### DIRECTIONS
In the entries below, find the line with "by (auto simp: items1_def items2_def)" and the line with "T i \<noteq>". Return those two lines and all lines between them, exactly.

(ENTRIES SHOWN Opens)

(* Let $T_1,T_2$ be $2\times2$ matrices with entries in $\{0,1\}$, neither having a zero row, and let $\alpha_i=T_1^{(i)}\otimes T_2^{(i)}$ for $i=1,2$. If $\alpha_1>\alpha_2$ or $\alpha_2>\alpha_1$, then the associated recurrence system is of dominating type.
   Context: $T_k^{(i)}$ is the $i$-th row of $T_k$ and $(v_1,v_2)\otimes(w_1,w_2)=(v_1w_1,v_1w_2,v_2w_1,v_2w_2)$. For vectors, $v\ge w$ means $v_i\ge w_i$ for every coordinate, and $v>w$ means $v\ge w$ and $v\ne w$. The recurrence system: $\gamma^{[s_j]}_{i,0}=1$ and for $n\ge1$ $$\gamma^{[s_1]}_{i,n}=\sum_{j,k=1}^2T_1(i,j)T_2(i,k)\,\gamma^{[s_1]}_{j,n-1}\gamma^{[s_2]}_{k,n-1},\qquad \gamma^{[s_2]}_{i,n}=\sum_{j=1}^2T_1(i,j)\,\gamma^{[s_1]}_{j,n-1}.$$ The items of $\gamma^{[s_1]}_{i,n}$ are the products $\gamma^{[s_1]}_{j,n-1}\gamma^{[s_2]}_{k,n-1}$ indexed by the pairs $(j,k)$ with $T_1(i,j)T_2(i,k)=1$; the items of $\gamma^{[s_2]}_{i,n}$ are the terms $\gamma^{[s_1]}_{j,n-1}$ indexed by the $j$ with $T_1(i,j)=1$. Thus $\gamma^{[s_j]}_{i,n}=\sum_{l}f^{ij}_{l,n-1}$ where $f^{ij}_{l,n-1}$ is the $l$-th item. $\gamma^{[s_j]}_{i,n}$ has a dominate item if there is an index $r$ such that $f^{ij}_{r,n}\ge f^{ij}_{l,n}$ for every index $l\ne r$ and every $n\ge1$. The system is of dominating type if each of $\gamma^{[s_1]}_{1,n},\gamma^{[s_1]}_{2,n},\gamma^{[s_2]}_{1,n},\gamma^{[s_2]}_{2,n}$ has a dominate item. *)

theory Defs
  imports Main
begin

text \<open>2x2 matrices are functions nat => nat => nat, used on indices 1 and 2.\<close>

definition zero_one_matrix :: "(nat \<Rightarrow> nat \<Rightarrow> nat) \<Rightarrow> bool" where
  "zero_one_matrix T \<longleftrightarrow> (\<forall>i\<in>{1,2}. \<forall>j\<in>{1,2}. T i j \<in> {0,1})"

definition no_zero_row :: "(nat \<Rightarrow> nat \<Rightarrow> nat) \<Rightarrow> bool" where
  "no_zero_row T \<longleftrightarrow> (\<forall>i\<in>{1,2}. \<exists>j\<in>{1,2}. T i j \<noteq> 0)"

definition mrow :: "(nat \<Rightarrow> nat \<Rightarrow> nat) \<Rightarrow> nat \<Rightarrow> nat \<times> nat" where
  "mrow T i = (T i 1, T i 2)"

definition tensor2 :: "nat \<times> nat \<Rightarrow> nat \<times> nat \<Rightarrow> nat list" where
  "tensor2 v w = [fst v * fst w, fst v * snd w, snd v * fst w, snd v * snd w]"

definition alpha :: "(nat \<Rightarrow> nat \<Rightarrow> nat) \<Rightarrow> (nat \<Rightarrow> nat \<Rightarrow> nat) \<Rightarrow> nat \<Rightarrow> nat list" where
  "alpha T1 T2 i = tensor2 (mrow T1 i) (mrow T2 i)"

definition vec_ge :: "nat list \<Rightarrow> nat list \<Rightarrow> bool" where
  "vec_ge v w \<longleftrightarrow> length v = length w \<and> (\<forall>i<length v. w ! i \<le> v ! i)"

definition vec_gt :: "nat list \<Rightarrow> nat list \<Rightarrow> bool" where
  "vec_gt v w \<longleftrightarrow> vec_ge v w \<and> v \<noteq> w"

text \<open>gam T1 T2 n = (gamma^[s1]_{.,n}, gamma^[s2]_{.,n}) as functions of i.\<close>
fun gam :: "(nat \<Rightarrow> nat \<Rightarrow> nat) \<Rightarrow> (nat \<Rightarrow> nat \<Rightarrow> nat) \<Rightarrow> nat \<Rightarrow> (nat \<Rightarrow> nat) \<times> (nat \<Rightarrow> nat)" where
  "gam T1 T2 0 = (\<lambda>i. 1, \<lambda>i. 1)"
| "gam T1 T2 (Suc n) =
     (\<lambda>i. \<Sum>j\<in>{1,2}. \<Sum>k\<in>{1,2}. T1 i j * T2 i k * fst (gam T1 T2 n) j * snd (gam T1 T2 n) k,
      \<lambda>i. \<Sum>j\<in>{1,2}. T1 i j * fst (gam T1 T2 n) j)"

definition gamma1 where "gamma1 T1 T2 i n = fst (gam T1 T2 n) i"
definition gamma2 where "gamma2 T1 T2 i n = snd (gam T1 T2 n) i"

text \<open>Items of gamma^[s1]_{i,n+1}: indexed by pairs (j,k) with T1(i,j)T2(i,k)=1;
  the item f^{i1}_{(j,k),n} = gamma1_{j,n} gamma2_{k,n}.\<close>
definition items1 :: "(nat \<Rightarrow> nat \<Rightarrow> nat) \<Rightarrow> (nat \<Rightarrow> nat \<Rightarrow> nat) \<Rightarrow> nat \<Rightarrow> (nat \<times> nat) set" where
  "items1 T1 T2 i = {(j,k). j \<in> {1,2} \<and> k \<in> {1,2} \<and> T1 i j * T2 i k = 1}"

definition item1 :: "(nat \<Rightarrow> nat \<Rightarrow> nat) \<Rightarrow> (nat \<Rightarrow> nat \<Rightarrow> nat) \<Rightarrow> nat \<times> nat \<Rightarrow> nat \<Rightarrow> nat" where
  "item1 T1 T2 l n = gamma1 T1 T2 (fst l) n * gamma2 T1 T2 (snd l) n"

text \<open>Items of gamma^[s2]_{i,n+1}: indexed by j with T1(i,j)=1; item = gamma1_{j,n}.\<close>
definition items2 :: "(nat \<Rightarrow> nat \<Rightarrow> nat) \<Rightarrow> nat \<Rightarrow> nat set" where
  "items2 T1 i = {j. j \<in> {1,2} \<and> T1 i j = 1}"

definition item2 :: "(nat \<Rightarrow> nat \<Rightarrow> nat) \<Rightarrow> (nat \<Rightarrow> nat \<Rightarrow> nat) \<Rightarrow> nat \<Rightarrow> nat \<Rightarrow> nat" where
  "item2 T1 T2 j n = gamma1 T1 T2 j n"

definition has_dominate_item :: "'a set \<Rightarrow> ('a \<Rightarrow> nat \<Rightarrow> nat) \<Rightarrow> bool" where
  "has_dominate_item L f \<longleftrightarrow>
     (\<exists>r\<in>L. \<forall>n\<ge>1. \<forall>l\<in>L. l \<noteq> r \<longrightarrow> f l n \<le> f r n)"

definition dominating_type :: "(nat \<Rightarrow> nat \<Rightarrow> nat) \<Rightarrow> (nat \<Rightarrow> nat \<Rightarrow> nat) \<Rightarrow> bool" where
  "dominating_type T1 T2 \<longleftrightarrow>
     (\<forall>i\<in>{1,2}. has_dominate_item (items1 T1 T2 i) (item1 T1 T2)
               \<and> has_dominate_item (items2 T1 i) (item2 T1 T2))"

end

theory Submission
  imports Defs
begin

text \<open>
  Say \<open>\<alpha>\<^sub>p \<ge> \<alpha>\<^sub>q\<close> with \<open>{p,q} = {1,2}\<close>.  Since the
  entries are 0 or 1 and no row vanishes, row \<open>q\<close> of both \<open>T\<^sub>1\<close> and \<open>T\<^sub>2\<close> lies below
  row \<open>p\<close>.  The recurrence is monotone in the rows, so both gamma sequences at index \<open>q\<close>
  stay below those at index \<open>p\<close>.  The items of \<open>\<gamma>\<^sup>s\<^sup>2\<^sub>i\<^sub>,\<^sub>n\<close> are indexed by the
  nonempty support of row \<open>i\<close> of \<open>T\<^sub>1\<close>: either \<open>p\<close> lies in it and dominates, or it is
  the singleton \<open>{q}\<close>.  The items of \<open>\<gamma>\<^sup>s\<^sup>1\<^sub>i\<^sub>,\<^sub>n\<close> are indexed by the product of
  the supports of row \<open>i\<close> of \<open>T\<^sub>1\<close> and of \<open>T\<^sub>2\<close>, and a pair of dominating indices
  dominates the products.
\<close>

lemma zero_one_matrix_le_1:
  assumes "zero_one_matrix T" "i \<in> {1,2}" "j \<in> {1,2}"
  shows "T i j \<le> 1"
  using assms unfolding zero_one_matrix_def by fastforce

lemma row_has_one:
  assumes "zero_one_matrix T" "no_zero_row T" "i \<in> {1,2}"
  obtains j where "j \<in> {1,2}" "T i j = 1"
  using assms unfolding zero_one_matrix_def no_zero_row_def by fastforce

lemma vec_ge_alpha_iff:
  "vec_ge (alpha T1 T2 p) (alpha T1 T2 q) \<longleftrightarrow>
     (\<forall>a\<in>{1,2}. \<forall>b\<in>{1,2}. T1 q a * T2 q b \<le> T1 p a * T2 p b)"
  by (simp add: vec_ge_def alpha_def tensor2_def mrow_def less_Suc_eq numeral_eq_Suc all_conj_distrib)

lemma rows_le_if_vec_ge_alpha:
  assumes "vec_ge (alpha T1 T2 p) (alpha T1 T2 q)"
    and "zero_one_matrix T1" "zero_one_matrix T2" "no_zero_row T1" "no_zero_row T2"
    and "p \<in> {1,2}" "q \<in> {1,2}"
  shows "\<forall>j\<in>{1,2}. T1 q j \<le> T1 p j" and "\<forall>k\<in>{1,2}. T2 q k \<le> T2 p k"
proof -
  have prod_le: "T1 q a * T2 q b \<le> T1 p a * T2 p b" if "a \<in> {1,2}" "b \<in> {1,2}" for a b
    using assms(1) that unfolding vec_ge_alpha_iff by blast
  obtain a where a: "a \<in> {1,2}" "T1 q a = 1"
    using row_has_one[OF assms(2,4,7)] .
  obtain b where b: "b \<in> {1,2}" "T2 q b = 1"
    using row_has_one[OF assms(3,5,7)] .
  show "\<forall>j\<in>{1,2}. T1 q j \<le> T1 p j"
  proof
    fix j :: nat assume j: "j \<in> {1,2}"
    have "T1 q j \<le> T1 p j * T2 p b" using prod_le[OF j b(1)] b(2) by simp
    also have "\<dots> \<le> T1 p j" using zero_one_matrix_le_1[OF assms(3,6) b(1)] by simp
    finally show "T1 q j \<le> T1 p j" .
  qed
  show "\<forall>k\<in>{1,2}. T2 q k \<le> T2 p k"
  proof
    fix k :: nat assume k: "k \<in> {1,2}"
    have "T2 q k \<le> T1 p a * T2 p k" using prod_le[OF a(1) k] a(2) by simp
    also have "\<dots> \<le> T2 p k" using zero_one_matrix_le_1[OF assms(2,6) a(1)] by simp
    finally show "T2 q k \<le> T2 p k" .
  qed
qed

lemma gamma1_0 [simp]: "gamma1 T1 T2 i 0 = 1"
  and gamma2_0 [simp]: "gamma2 T1 T2 i 0 = 1"
  by (simp_all add: gamma1_def gamma2_def)

lemma gamma1_Suc:
  "gamma1 T1 T2 i (Suc n) =
     (\<Sum>j\<in>{1,2}. \<Sum>k\<in>{1,2}. T1 i j * T2 i k * gamma1 T1 T2 j n * gamma2 T1 T2 k n)"
  by (simp add: gamma1_def gamma2_def del: insert_iff)

lemma gamma2_Suc:
  "gamma2 T1 T2 i (Suc n) = (\<Sum>j\<in>{1,2}. T1 i j * gamma1 T1 T2 j n)"
  by (simp add: gamma1_def gamma2_def del: insert_iff)

lemma gamma1_le_if_rows_le:
  assumes "\<forall>j\<in>{1,2}. T1 q j \<le> T1 p j" and "\<forall>k\<in>{1,2}. T2 q k \<le> T2 p k"
  shows "gamma1 T1 T2 q n \<le> gamma1 T1 T2 p n"
proof (cases n)
  case (Suc m)
  show ?thesis
    unfolding Suc gamma1_Suc using assms
    by (intro sum_mono mult_right_mono mult_mono) auto
qed simp

lemma gamma2_le_if_row_le:
  assumes "\<forall>j\<in>{1,2}. T1 q j \<le> T1 p j"
  shows "gamma2 T1 T2 q n \<le> gamma2 T1 T2 p n"
proof (cases n)
  case (Suc m)
  show ?thesis
    unfolding Suc gamma2_Suc using assms by (intro sum_mono mult_right_mono) auto
qed simp

lemma has_dominate_item_if_subset_pair:
  assumes "L \<subseteq> {p,q}" "L \<noteq> {}" "\<And>n. f q n \<le> f p n"
  shows "has_dominate_item L f"
proof (cases "p \<in> L")
  case True
  then show ?thesis using assms unfolding has_dominate_item_def by blast
next
  case False
  then have "L = {q}" using assms(1,2) by blast
  then show ?thesis unfolding has_dominate_item_def by simp
qed

lemma has_dominate_item_Times:
  assumes "has_dominate_item A f" "has_dominate_item B g"
  shows "has_dominate_item (A \<times> B) (\<lambda>l n. f (fst l) n * g (snd l) n)"
proof -
  obtain r where r: "r \<in> A" "\<And>a n. a \<in> A \<Longrightarrow> n \<ge> 1 \<Longrightarrow> f a n \<le> f r n"
    using assms(1) unfolding has_dominate_item_def by (metis order_refl)
  obtain s where s: "s \<in> B" "\<And>b n. b \<in> B \<Longrightarrow> n \<ge> 1 \<Longrightarrow> g b n \<le> g s n"
    using assms(2) unfolding has_dominate_item_def by (metis order_refl)
  show ?thesis
    unfolding has_dominate_item_def
    using r s by (intro bexI[of _ "(r, s)"]) (auto intro: mult_le_mono)
qed

lemma items1_eq_Times: "items1 T1 T2 i = items2 T1 i \<times> items2 T2 i"
  by (auto simp: items1_def items2_def)

lemma items2_subset_pair:
  assumes "{p,q} = {1,2}"
  shows "items2 T i \<subseteq> {p,q}"
  using assms by (auto simp: items2_def)

lemma items2_nonempty:
  assumes "zero_one_matrix T" "no_zero_row T" "i \<in> {1,2}"
  shows "items2 T i \<noteq> {}"
  using row_has_one[OF assms] by (auto simp: items2_def)

theorem proposition2:
  fixes T1 T2 :: "nat \<Rightarrow> nat \<Rightarrow> nat"
  assumes "zero_one_matrix T1" and "zero_one_matrix T2"
    and "no_zero_row T1" and "no_zero_row T2"
    and "vec_gt (alpha T1 T2 1) (alpha T1 T2 2) \<or> vec_gt (alpha T1 T2 2) (alpha T1 T2 1)"
  shows "dominating_type T1 T2"
proof -
  obtain p q where pq: "{p,q} = {1::nat,2}" and ge: "vec_ge (alpha T1 T2 p) (alpha T1 T2 q)"
    using assms(5) unfolding vec_gt_def by blast
  then have "p \<in> {1,2}" "q \<in> {1,2}" by auto
  note rows = rows_le_if_vec_ge_alpha[OF ge assms(1-4) this]
  have dom1: "has_dominate_item (items2 T1 i) (gamma1 T1 T2)"
    and dom2: "has_dominate_item (items2 T2 i) (gamma2 T1 T2)" if "i \<in> {1,2}" for i
    using has_dominate_item_if_subset_pair items2_subset_pair[OF pq] that
      items2_nonempty[OF assms(1,3)] items2_nonempty[OF assms(2,4)]
      gamma1_le_if_rows_le[OF rows] gamma2_le_if_row_le[OF rows(1)]
    by metis+
  have "item1 T1 T2 = (\<lambda>l n. gamma1 T1 T2 (fst l) n * gamma2 T1 T2 (snd l) n)"
    and "item2 T1 T2 = gamma1 T1 T2"
    by (simp_all add: fun_eq_iff item1_def item2_def)
  then show ?thesis
    unfolding dominating_type_def items1_eq_Times
    by (simp add: dom1 dom2 has_dominate_item_Times)
qed

end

(ENTRIES SHOWN Closes)

### ANSWER TO THE PROBLEM
  by (auto simp: items1_def items2_def)

lemma items2_subset_pair:
  assumes "{p,q} = {1,2}"
  shows "items2 T i \<subseteq> {p,q}"
  using assms by (auto simp: items2_def)

lemma items2_nonempty:
  assumes "zero_one_matrix T" "no_zero_row T" "i \<in> {1,2}"
  shows "items2 T i \<noteq> {}"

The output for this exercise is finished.